Midwest Today, January 1997
C O U N T R Y
C H R O N I C L E
By OLGA JORDAN
During the Depression years, many families didn't exchange gifts
at Christmas, because times were tough.
Still, my brothers, sisters and I looked forward to Christmas
as all children did then and now. Mother would be in the kitchen
baking dozens of cookies, decorating them with the likes of an
artist. She also baked various kinds of fruit breads. A special
treat was a steamed suet pudding, which was very rich and served
with a special sauce. How we looked forward to all the goodies!
She rarely needed to use a recipe, unless it was a new one she
wanted to try.
Along with all the baking, she made special efforts to make Christmas
the most enjoyable celebration of the year.
My parents had been living on a farm, and I was the fifth child
of six children. They worked hard all their lives, as did other
farm families. Modern conveniences didn't exist at the time. But
we were happy.
One thing we youngers enjoyed is when dad hitched up a team of
Percheons, Sly and Babe, to pull a sleigh in the Wintertime to
take us to church two miles away, or visit neighbors and friends
who lived nearby. Sometimes, we were taken to and from school
in one. Cars were difficult to start in cold weather, and roads
Dad had two robes -- a brown one and black one -- made from animal
hides, and they really kept us toasty warm in the sled.
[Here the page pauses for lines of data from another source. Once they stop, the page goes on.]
definition members_containing :: "'a set set \<Rightarrow> 'a \<Rightarrow> 'a set set" where
  "members_containing F i = {A\<in>F. i \<in> A}"

definition brank :: "('a \<Rightarrow> real) \<Rightarrow> ('a set \<Rightarrow> 'a set) \<Rightarrow> 'a \<Rightarrow> 'a set \<Rightarrow> nat" where
  "brank w OPT i B = card {x\<in>OPT B. w x < w i}"

end

theory Submission
  imports Defs
begin

text \<open>
  Fix a threshold \<theta> and let T be the elements of OPT U of weight at least \<theta>. By the exchange
  property of the laminar matroid, for i \<in> T \<inter> B there are at most as many elements of OPT B
  at least as heavy as i as there are in T \<inter> B, so brank(i, B) is at least \<mu>(B) - |T \<inter> B| plus
  the rank of i in T \<inter> B. Summing the geometric series, B contributes at most c/(1-c) times the
  deficit c^(\<mu>(B)-t) (1 - c^t), where t = |T \<inter> B|.
  The potential \<Phi>(\<nu>, t) = (1 + c + ... + c^(t-1)) (1 + c^(\<nu>-t)) is subadditive in t and at
  most 2t, and the deficit equals \<Phi>(\<mu>(B), t) - \<Phi>(\<mu>(B)+1, t). As capacities strictly
  increase along the laminar tree, an induction over the tree bounds the sum of these terms by
  2|T|. So every upper set T of OPT U receives at most 2c/(1-c) \<cdot> |T|, and Abel summation over
  the thresholds yields the weighted inequality.
\<close>

section \<open>A potential on the laminar tree\<close>

definition deficit :: "real \<Rightarrow> nat \<Rightarrow> nat \<Rightarrow> real" where
  "deficit c \<nu> t = c ^ (\<nu> - t) * (1 - c ^ t)"
(* Let $(\beta_{\rm sd},\beta_{\rm rd},\beta_{\rm sr})\in\mathbb{R}_+^3$ with $\beta_{\rm rd}>0$, and set $S=\mathsf{SNR}^{\beta_{\rm sd}}$, $I=\mathsf{SNR}^{\beta_{\rm rd}}$, $C=\mathsf{SNR}^{\beta_{\rm sr}}$. Then $$\liminf_{\mathsf{SNR}\to\infty}\frac{r^{\rm(LDA\text{-}HD)}}{\log(1+\mathsf{SNR})}\ge \beta_{\rm sd}+\frac{[\beta_{\rm rd}-\beta_{\rm sd}]^+[\beta_{\rm sr}-\beta_{\rm sd}]^+}{[\beta_{\rm rd}-\beta_{\rm sd}]^++[\beta_{\rm sr}-\beta_{\rm sd}]^+}$$ (with the fraction interpreted as $0$ when its denominator vanishes), i.e. the LDA rate achieves the gDoF upper bound of the G-HD-RC.
   Context: $r^{\rm(LDA\text{-}HD)}:=\log(1+S)+\frac{\log(1+\frac{I}{1+S})\,D}{\log(1+\frac{I}{1+S})+D}$ with $D:=[\log(1+\frac{C}{1+S})-\log(1+\frac{S}{1+S})]^+$, an achievable rate of the Gaussian half-duplex relay channel $Y_r=\sqrt{C}X_s(1-S_r)+Z_r$, $Y_d=\sqrt S X_s+e^{j\theta}\sqrt I X_rS_r+Z_d$ (unit-power inputs, unit-variance independent complex Gaussian noises, relay state $S_r\in\{0,1\}$ with $0$ = listen, $1$ = transmit). $[x]^+=\max\{x,0\}$; logs base 2. *)

theory Defs
  imports "HOL-Analysis.Analysis"
begin

definition pos_part :: "real \<Rightarrow> real" where
  "pos_part x = max x 0"

definition D_LDA :: "real \<Rightarrow> real \<Rightarrow> real" where
  "D_LDA S C = pos_part (log 2 (1 + C / (1 + S)) - log 2 (1 + S / (1 + S)))"

definition r_LDA_HD :: "real \<Rightarrow> real \<Rightarrow> real \<Rightarrow> real" where
  "r_LDA_HD S I C =
     log 2 (1 + S) +
     (log 2 (1 + I / (1 + S)) * D_LDA S C) / (log 2 (1 + I / (1 + S)) + D_LDA S C)"

end

theory Submission
  imports Defs "HOL-Real_Asymp.Real_Asymp"
begin

text \<open>Normalised by log(1 + SNR), each logarithm in the rate has a limit: log(1 + SNR^b) gives b,
  and log(1 + SNR^a / (1 + SNR^b)) gives [a - b]^+, so the term log(1 + S/(1 + S)) in D vanishes
  and D gives [\<beta>_sr - \<beta>_sd]^+. The map (p, q) \<mapsto> pq/(p + q), extended by 0 at the origin (as HOL's x / 0 = 0 does), is continuous
  on the closed positive quadrant since it is squeezed between 0 and min p q. Hence the normalised
  rate converges, and its limit is exactly the stated bound.\<close>

lemma ln_ratio_tendsto_of_powr_bounds:
  fixes f :: "real \<Rightarrow> real" and m c :: real
  assumes "m \<ge> 0" "c > 0"
    and bounds: "eventually (\<lambda>x. x powr m \<le> f x \<and> f x \<le> c * (1 + x) powr m) at_top"
  shows "((\<lambda>x. ln (f x) / ln (1 + x)) \<longlongrightarrow> m) at_top"
proof (rule tendsto_sandwich)
  have "((\<lambda>x::real. ln x / ln (1 + x)) \<longlongrightarrow> 1) at_top" by real_asymp
  then show "((\<lambda>x. m * (ln x / ln (1 + x))) \<longlongrightarrow> m) at_top"
    using tendsto_mult_left by fastforce
  have "((\<lambda>x::real. ln c / ln (1 + x)) \<longlongrightarrow> 0) at_top" by real_asymp
  from tendsto_add[OF this tendsto_const[of m]]
  show "((\<lambda>x. ln c / ln (1 + x) + m) \<longlongrightarrow> m) at_top" by simp
  show "eventually (\<lambda>x. m * (ln x / ln (1 + x)) \<le> ln (f x) / ln (1 + x)) at_top"
    using bounds eventually_gt_at_top[of 1]
  proof eventually_elim
    case (elim x)
    then have "ln (x powr m) \<le> ln (f x)"
      by (subst ln_le_cancel_iff) (auto intro: less_le_trans[of 0 "x powr m"])
    with elim show ?case by (simp add: ln_powr divide_right_mono)
  qed
  show "eventually (\<lambda>x. ln (f x) / ln (1 + x) \<le> ln c / ln (1 + x) + m) at_top"
    using bounds eventually_gt_at_top[of 1]
  proof eventually_elim
    case (elim x)
    then have "ln (f x) \<le> ln (c * (1 + x) powr m)"
      by (subst ln_le_cancel_iff) (auto intro: less_le_trans[of 0 "x powr m"])
    also have "\<dots> = ln c + m * ln (1 + x)"
      using elim \<open>c > 0\<close> by (simp add: ln_mult ln_powr)
    finally have "ln (f x) \<le> ln c + m * ln (1 + x)" .
    moreover have "ln (1 + x) > 0" using elim by simp
    ultimately show ?case by (simp add: field_simps)
  qed
qed

lemma ln_one_plus_powr_ratio_tendsto:
  assumes "b \<ge> 0"
  shows "((\<lambda>x::real. ln (1 + x powr b) / ln (1 + x)) \<longlongrightarrow> b) at_top"
proof (rule ln_ratio_tendsto_of_powr_bounds[OF assms, of 2])
  show "eventually (\<lambda>x. x powr b \<le> 1 + x powr b \<and> 1 + x powr b \<le> 2 * (1 + x) powr b) at_top"
    using eventually_gt_at_top[of 1]
  proof eventually_elim
    case (elim x)
    have "x powr b \<le> (1 + x) powr b" using elim assms by (intro powr_mono2) auto
    moreover have "1 \<le> (1 + x) powr b" using elim assms by (simp add: ge_one_powr_ge_zero)
    ultimately show ?case by simp
  qed
qed simp

lemma ln_one_plus_powr_sum_ratio_tendsto:
  assumes "a \<ge> 0" "b \<ge> 0"
  shows "((\<lambda>x::real. ln (1 + x powr a + x powr b) / ln (1 + x)) \<longlongrightarrow> max a b) at_top"
proof (rule ln_ratio_tendsto_of_powr_bounds[of _ 3])
  show "eventually (\<lambda>x. x powr max a b \<le> 1 + x powr a + x powr b
                       \<and> 1 + x powr a + x powr b \<le> 3 * (1 + x) powr max a b) at_top"
    using eventually_gt_at_top[of 1]
  proof eventually_elim
    case (elim x)
    have "x powr a \<le> x powr max a b" "x powr b \<le> x powr max a b"
      using elim by (auto intro: powr_mono)
    moreover have "x powr max a b \<le> (1 + x) powr max a b"
      using elim assms by (intro powr_mono2) auto
    moreover have "1 \<le> (1 + x) powr max a b" using elim assms by (simp add: ge_one_powr_ge_zero)
    moreover have "x powr max a b = x powr a \<or> x powr max a b = x powr b" by (simp add: max_def)
    ultimately show ?case by (smt (verit) powr_ge_zero)
  qed
qed (use assms in auto)

lemma log_one_plus_powr_quotient_ratio_tendsto:
  assumes "a \<ge> 0" "b \<ge> 0"
  shows "((\<lambda>x::real. log 2 (1 + x powr a / (1 + x powr b)) / log 2 (1 + x))
           \<longlongrightarrow> pos_part (a - b)) at_top"
proof -
  have "((\<lambda>x::real. ln (1 + x powr b + x powr a) / ln (1 + x) - ln (1 + x powr b) / ln (1 + x))
          \<longlongrightarrow> max b a - b) at_top"
    by (intro tendsto_diff ln_one_plus_powr_ratio_tendsto ln_one_plus_powr_sum_ratio_tendsto assms)
  moreover have "max b a - b = pos_part (a - b)" by (simp add: pos_part_def max_def)
  moreover have "eventually (\<lambda>x. ln (1 + x powr b + x powr a) / ln (1 + x) - ln (1 + x powr b) / ln (1 + x)
                   = log 2 (1 + x powr a / (1 + x powr b)) / log 2 (1 + x)) at_top"
  proof (rule always_eventually, intro allI)
    fix x :: real
    have pos: "0 < 1 + x powr b" "0 < 1 + x powr b + x powr a"
      by (simp_all add: add_pos_nonneg)
    then have "1 + x powr a / (1 + x powr b) = (1 + x powr b + x powr a) / (1 + x powr b)"
      by (simp add: field_simps)
    with pos have "ln (1 + x powr a / (1 + x powr b)) = ln (1 + x powr b + x powr a) - ln (1 + x powr b)"
      by (simp add: ln_div)
    moreover have "log 2 u / log 2 v = ln u / ln v" for u v :: real by (simp add: log_def)
    ultimately show "ln (1 + x powr b + x powr a) / ln (1 + x) - ln (1 + x powr b) / ln (1 + x)
                 = log 2 (1 + x powr a / (1 + x powr b)) / log 2 (1 + x)"
      by (simp add: diff_divide_distrib)
  qed
  ultimately show ?thesis using tendsto_cong by fastforce
qed

lemma tendsto_pos_part: "(f \<longlongrightarrow> l) F \<Longrightarrow> ((\<lambda>x. pos_part (f x)) \<longlongrightarrow> pos_part l) F"
  unfolding pos_part_def by (intro tendsto_max tendsto_const)

lemma tendsto_mult_div_add_nonneg:
  fixes P Q :: "'a \<Rightarrow> real"
  assumes P: "(P \<longlongrightarrow> p) F" and Q: "(Q \<longlongrightarrow> q) F" and "p \<ge> 0" "q \<ge> 0"
    and nonneg: "eventually (\<lambda>x. P x \<ge> 0 \<and> Q x \<ge> 0) F"
  shows "((\<lambda>x. P x * Q x / (P x + Q x)) \<longlongrightarrow> p * q / (p + q)) F"
proof (cases "p + q = 0")
  case False
  then show ?thesis by (intro tendsto_intros P Q)
next
  case True
  then have "p = 0" using assms by simp
  have "((\<lambda>x. P x * Q x / (P x + Q x)) \<longlongrightarrow> 0) F"
  proof (rule tendsto_sandwich[of "\<lambda>x. 0" _ _ P])
    show "eventually (\<lambda>x. 0 \<le> P x * Q x / (P x + Q x)) F"
      using nonneg by eventually_elim auto
    show "eventually (\<lambda>x. P x * Q x / (P x + Q x) \<le> P x) F"
      using nonneg
    proof eventually_elim
      case (elim x)
      have "P x * Q x \<le> P x * (P x + Q x)" using elim by (intro mult_left_mono) auto
      with elim show ?case by (cases "P x + Q x = 0") (simp_all add: divide_le_eq)
    qed
  qed (use P \<open>p = 0\<close> in auto)
  with True show ?thesis by simp
qed

lemma r_LDA_HD_divide:
  fixes S I C L :: real
  assumes "L > 0"
  defines "P \<equiv> log 2 (1 + I / (1 + S)) / L"
    and "Q \<equiv> pos_part (log 2 (1 + C / (1 + S)) / L - log 2 (1 + S / (1 + S)) / L)"
  shows "r_LDA_HD S I C / L = log 2 (1 + S) / L + P * Q / (P + Q)"
proof -
  define a where "a = log 2 (1 + I / (1 + S))"
  define d where "d = D_LDA S C"
  have P_eq: "P = a / L" unfolding P_def a_def ..
  have Q_eq: "Q = d / L"
    using \<open>L > 0\<close> unfolding Q_def d_def D_LDA_def pos_part_def
    by (simp add: diff_divide_distrib[symmetric] max_divide_distrib_right)
  have "P * Q / (P + Q) = (a * d / (a + d)) / L"
    unfolding P_eq Q_eq using \<open>L > 0\<close> by (cases "a + d = 0") (simp_all add: field_simps)
  then show ?thesis unfolding r_LDA_HD_def a_def d_def by (simp add: add_divide_distrib)
qed

lemma r_LDA_HD_gdof_tendsto:
  fixes b_sd b_rd b_sr :: real
  assumes "b_sd \<ge> 0" "b_rd \<ge> 0" "b_sr \<ge> 0"
  shows "((\<lambda>snr. r_LDA_HD (snr powr b_sd) (snr powr b_rd) (snr powr b_sr) / log 2 (1 + snr))
           \<longlongrightarrow> b_sd + pos_part (b_rd - b_sd) * pos_part (b_sr - b_sd)
                       / (pos_part (b_rd - b_sd) + pos_part (b_sr - b_sd))) at_top"
proof -
  define L where "L x = log 2 (1 + x)" for x :: real
  define P where "P x = log 2 (1 + x powr b_rd / (1 + x powr b_sd)) / L x" for x
  define Q where "Q x = pos_part (log 2 (1 + x powr b_sr / (1 + x powr b_sd)) / L x
                                  - log 2 (1 + x powr b_sd / (1 + x powr b_sd)) / L x)" for x
  have "((\<lambda>x. log 2 (1 + x powr b_sd) / L x) \<longlongrightarrow> b_sd) at_top"
    using ln_one_plus_powr_ratio_tendsto[OF assms(1)] by (simp add: L_def log_def)
  moreover have "(P \<longlongrightarrow> pos_part (b_rd - b_sd)) at_top"
    unfolding P_def L_def using log_one_plus_powr_quotient_ratio_tendsto assms by simp
  moreover have "(Q \<longlongrightarrow> pos_part (b_sr - b_sd)) at_top"
    unfolding Q_def L_def
    using tendsto_pos_part[OF tendsto_diff[OF log_one_plus_powr_quotient_ratio_tendsto[of b_sr b_sd]
                                             log_one_plus_powr_quotient_ratio_tendsto[of b_sd b_sd]]]
      assms by (simp add: pos_part_def)
  moreover have "eventually (\<lambda>x. P x \<ge> 0 \<and> Q x \<ge> 0) at_top"
    using eventually_gt_at_top[of 1]
    by eventually_elim (auto simp: P_def Q_def L_def pos_part_def add_pos_nonneg)
  ultimately have "((\<lambda>x. log 2 (1 + x powr b_sd) / L x + P x * Q x / (P x + Q x))
                      \<longlongrightarrow> b_sd + pos_part (b_rd - b_sd) * pos_part (b_sr - b_sd)
                               / (pos_part (b_rd - b_sd) + pos_part (b_sr - b_sd))) at_top"
    by (intro tendsto_add tendsto_mult_div_add_nonneg) (auto simp: pos_part_def)
  moreover have "eventually (\<lambda>x. log 2 (1 + x powr b_sd) / L x + P x * Q x / (P x + Q x)
                   = r_LDA_HD (x powr b_sd) (x powr b_rd) (x powr b_sr) / log 2 (1 + x)) at_top"
    using eventually_gt_at_top[of 0]
    by eventually_elim (simp add: r_LDA_HD_divide P_def Q_def L_def)
  ultimately show ?thesis using tendsto_cong by fastforce
qed

theorem proposition6:
  fixes b_sd b_rd b_sr :: real
  assumes "b_sd \<ge> 0" and "b_rd > 0" and "b_sr \<ge> 0"
  shows "ereal (b_sd + (pos_part (b_rd - b_sd) * pos_part (b_sr - b_sd)) /
                       (pos_part (b_rd - b_sd) + pos_part (b_sr - b_sd)))
         \<le> Liminf at_top (\<lambda>snr::real. ereal
              (r_LDA_HD (snr powr b_sd) (snr powr b_rd) (snr powr b_sr) / log 2 (1 + snr)))"
  using lim_imp_Liminf[OF trivial_limit_at_top_linorder
          r_LDA_HD_gdof_tendsto[THEN tendsto_ereal]] assms
  by simp

end
(* Let $\sigma\ge\tilde\sigma\ge1/4$ and let $\Lambda$ be a finite subset of $\mathbb{Z}^\nu$. Suppose $T(m,n)=D(m,n)+R(m,n)$ for $m,n\in\Lambda$, where $D$ is a diagonal matrix. Suppose further that for each $n\in\Lambda$ there exist numbers $l_n>0$, $0\le\mu_n\le\sigma-\tilde\sigma$, $C_n>0$ and a set $U(n)\subset\Lambda$ with $n\in U(n)$ such that: $T_{U(n)}^{-1}$ exists and $\|T_{U(n)}^{-1}\|_{\tilde\sigma+\mu_n,c}\le C_n$; $\mathrm{dist}(n,\Lambda\setminus U(n))\ge l_n$; and $C_ne^{-\mu_nl_n^c}\|R\|_{\sigma,c}\le\frac12$. Then $T_\Lambda$ is invertible and $\|T_\Lambda^{-1}\|_{\tilde\sigma,c}\le(1+w_{\tilde\sigma,c}(0))C$, where $C:=\sup_{n\in\Lambda}C_n$.
   Context: $c=0.01$, $|\cdot|$ the maximum norm on $\mathbb{Z}^\nu$ (distances taken in it). $D_N:=\max(D_{\nu,c},D_{\nu,1})$ where $D_{\nu,c}=\sup_{n\in\mathbb{Z}^\nu,\sigma\ge1/4}\sum_m\frac{e^{\sigma|n|^c}}{e^{\sigma|m|^c}e^{\sigma|n-m|^c}}$ and $D_{\nu,1}=\sup_{n,\sigma\ge1/4}\sum_m\frac{(1+|n|)^{\nu+1}e^{\sigma|n|}}{(1+|m|)^{\nu+1}e^{\sigma|m|}(1+|n-m|)^{\nu+1}e^{\sigma|n-m|}}$; $w_{\sigma,c}(n)=D_Ne^{\sigma|n|^c}$. For a matrix $A$ indexed by a subset of $\mathbb{Z}^\nu$ (extended by zero), $\|A\|_{\sigma,c}:=\sup_n\sum_mw_{\sigma,c}(m-n)|A(m,n)|$. For $S\subset\Lambda$, $T_S$ denotes the restriction $(T(m,n))_{m,n\in S}$, and $T_S^{-1}$ its inverse as a matrix on $S$. *)

theory Defs
  imports "HOL-Analysis.Analysis"
begin

text \<open>Lattice points of Z^nu are modelled as int ^ 'n, with nu = CARD('n).
  Matrices are complex-valued functions of two lattice points.\<close>

definition cexp :: real where "cexp = 0.01"

definition maxnorm :: "int ^ ('n::finite) \<Rightarrow> real" where
  "maxnorm x = Max (range (\<lambda>i. real_of_int \<bar>x $ i\<bar>))"

definition D_nu_c :: "('n::finite) itself \<Rightarrow> real" where
  "D_nu_c _ = Sup {infsum (\<lambda>m::int ^ 'n. exp (\<sigma> * maxnorm n powr cexp) /
        (exp (\<sigma> * maxnorm m powr cexp) * exp (\<sigma> * maxnorm (n - m) powr cexp))) UNIV
      | n \<sigma>. \<sigma> \<ge> 1/4}"

definition D_nu_1 :: "('n::finite) itself \<Rightarrow> real" where
  "D_nu_1 _ = Sup {infsum (\<lambda>m::int ^ 'n.
        ((1 + maxnorm n) ^ (CARD('n) + 1) * exp (\<sigma> * maxnorm n)) /
        (((1 + maxnorm m) ^ (CARD('n) + 1) * exp (\<sigma> * maxnorm m)) *
         ((1 + maxnorm (n - m)) ^ (CARD('n) + 1) * exp (\<sigma> * maxnorm (n - m))))) UNIV
      | n \<sigma>. \<sigma> \<ge> 1/4}"

definition D_N :: "('n::finite) itself \<Rightarrow> real" where
  "D_N t = max (D_nu_c t) (D_nu_1 t)"

definition wt :: "real \<Rightarrow> int ^ ('n::finite) \<Rightarrow> real" where
  "wt \<sigma> n = D_N TYPE('n) * exp (\<sigma> * maxnorm n powr cexp)"

definition mnorm :: "real \<Rightarrow> (int ^ ('n::finite)) set \<Rightarrow> (int ^ 'n \<Rightarrow> int ^ 'n \<Rightarrow> complex) \<Rightarrow> real" where
  "mnorm \<sigma> S A = (if S = {} then 0 else
      Max ((\<lambda>n. \<Sum>m\<in>S. wt \<sigma> (m - n) * cmod (A m n)) ` S))"

definition is_inv_on :: "(int ^ ('n::finite)) set \<Rightarrow> (int ^ 'n \<Rightarrow> int ^ 'n \<Rightarrow> complex)
    \<Rightarrow> (int ^ 'n \<Rightarrow> int ^ 'n \<Rightarrow> complex) \<Rightarrow> bool" where
  "is_inv_on S A B \<longleftrightarrow>
     (\<forall>m\<in>S. \<forall>k\<in>S. (\<Sum>j\<in>S. A m j * B j k) = (if m = k then 1 else 0)) \<and>
     (\<forall>m\<in>S. \<forall>k\<in>S. (\<Sum>j\<in>S. B m j * A j k) = (if m = k then 1 else 0))"

end

(*
  Let A be the matrix whose n-th column is the n-th column of the local inverse
  T_U(n)^-1, extended by zero. Then T A = I + K, where the n-th column of K vanishes on U(n)
  and equals (R T_U(n)^-1)(m, n) for m outside U(n). Such m lie at distance at least l_n
  from n, so passing from the weight w_sigma' to w_(sigma' + mu_n) gains the factor
  exp (- mu_n l_n^c); together with the submultiplicativity
  w_(sigma' + mu)(m - n) <= w_sigma(m - j) w_(sigma' + mu)(j - n) this bounds the n-th column
  of K by C_n exp (- mu_n l_n^c) |R|_sigma <= 1/2. Hence I + K has an inverse of norm at most
  1 + w_sigma'(0), and T^-1 = A (I + K)^-1.

  Submultiplicativity follows from the subadditivity of t |-> t^c and from D_N >= 1. The
  latter needs the supremum defining D_nu_c to be finite, which follows from
  (a + b)^c <= a^c + b^c - (1 - c) min(a, b)^c and the summability of exp (- k |m|^c) over Z^nu.
*)

theory Submission
  imports Defs "HOL-Real_Asymp.Real_Asymp" "Jordan_Normal_Form.Determinant"
begin

section \<open>The max norm and concavity of \<open>t powr c\<close>\<close>

lemma cexp_pos: "0 < cexp" and cexp_le_1: "cexp \<le> 1"
  by (simp_all add: cexp_def)

lemma abs_component_le_maxnorm: "real_of_int \<bar>x $ i\<bar> \<le> maxnorm x"
  unfolding maxnorm_def by (rule Max_ge) auto

lemma maxnorm_le: "(\<And>i. real_of_int \<bar>x $ i\<bar> \<le> B) \<Longrightarrow> maxnorm x \<le> B"
  unfolding maxnorm_def by (subst Max_le_iff) auto

lemma maxnorm_nonneg: "0 \<le> maxnorm x"
  by (rule order_trans[OF _ abs_component_le_maxnorm]) simp

lemma maxnorm_zero [simp]: "maxnorm 0 = 0"
  by (rule antisym[OF maxnorm_le maxnorm_nonneg]) simp

lemma maxnorm_triangle: "maxnorm (x + y) \<le> maxnorm x + maxnorm y"
proof (rule maxnorm_le)
  fix i
  have "real_of_int \<bar>(x + y) $ i\<bar> \<le> real_of_int \<bar>x $ i\<bar> + real_of_int \<bar>y $ i\<bar>"
    by simp
  also have "\<dots> \<le> maxnorm x + maxnorm y"
    by (intro add_mono abs_component_le_maxnorm)
  finally show "real_of_int \<bar>(x + y) $ i\<bar> \<le> maxnorm x + maxnorm y" .
qed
Christmas Eve was a special event at our church, which was always
packed. It was beautifully adorned with candles on the windowsills
and greenery here and there. A gold star hung from the ceiling
above the pulpit. A tall, live Christmas tree was set in front
of the church in one corner. It was decorated by the young men
and women of the congregation. There were no strings of electric
lights available in those years, so five to six-inch tall candles
were put into holders that were then clipped onto the tree branches,
The program began at 7 p.m. The congregation sang a Christian
hymn, our pastor read the Christmas story from Luke 2, and said
a prayer, followed with another Christmas song.
After several weeks of rehearsals, the children were ready to
perform. The first group were the five to ten-year-olds. Little
girls would walk to the stage, dressed in pretty dresses their
mothers had probably made. Some wore big bows in their hair. The
boys wore knee pants, a white shirt and a bow tie, with their
hair neatly combed. They sang all the verses of "Away In
the Manger," and recited a Christmas poem in unison.
The boys and girls, ages 11 to 13, took part in the re-enactment
of a manger scene. They were dressed in clothing or wraps, according
to Biblical history. They needed no prompting.
As the props were removed, the 14 to 16-year-old boys and girls
sang in harmony several Christmas carols.
The program was now over. Yet a tradition that had been practiced
for years was yet to be accomplished.
Many months before Christmas, parents would order large bags with
treats, one for each child, to be distributed after the Christmas
Eve program. Each bag contained an apple, orange, peanuts, mixed
nuts, a box of Crackerjacks, and a small amount of candy. They
cost only 50 cents. The bags were placed under the Christmas tree
at the church, and were distributed by some men in the congregation
as each family's name was called.
With wishes of a Merry Christmas and a Happy New Year echoing
throughout the church, we were on our way home.
Later, mother fixed us a cup of hot cocoa. To warm our beds, she
had foot warmers she had brought over from Germany -- larger than
a thermos and made of copper, filled with water heated on the
back of the old wood stove -- then wrapped in a piece of flannel.
The bedrooms were upstairs, heated only by stove pipes running
from the parlor stove. We slept between flannel sheets under handmade
quilts mother had sewn.
We had a goose for Christmas dinner, and vegetables preserved
from our big garden. Despite times of scarcity, none of us suffered.
We were rich in spirit and love.
The writer's parents, Jacob and Martha Buseman
of Grundy Center, Iowa in the 1930s.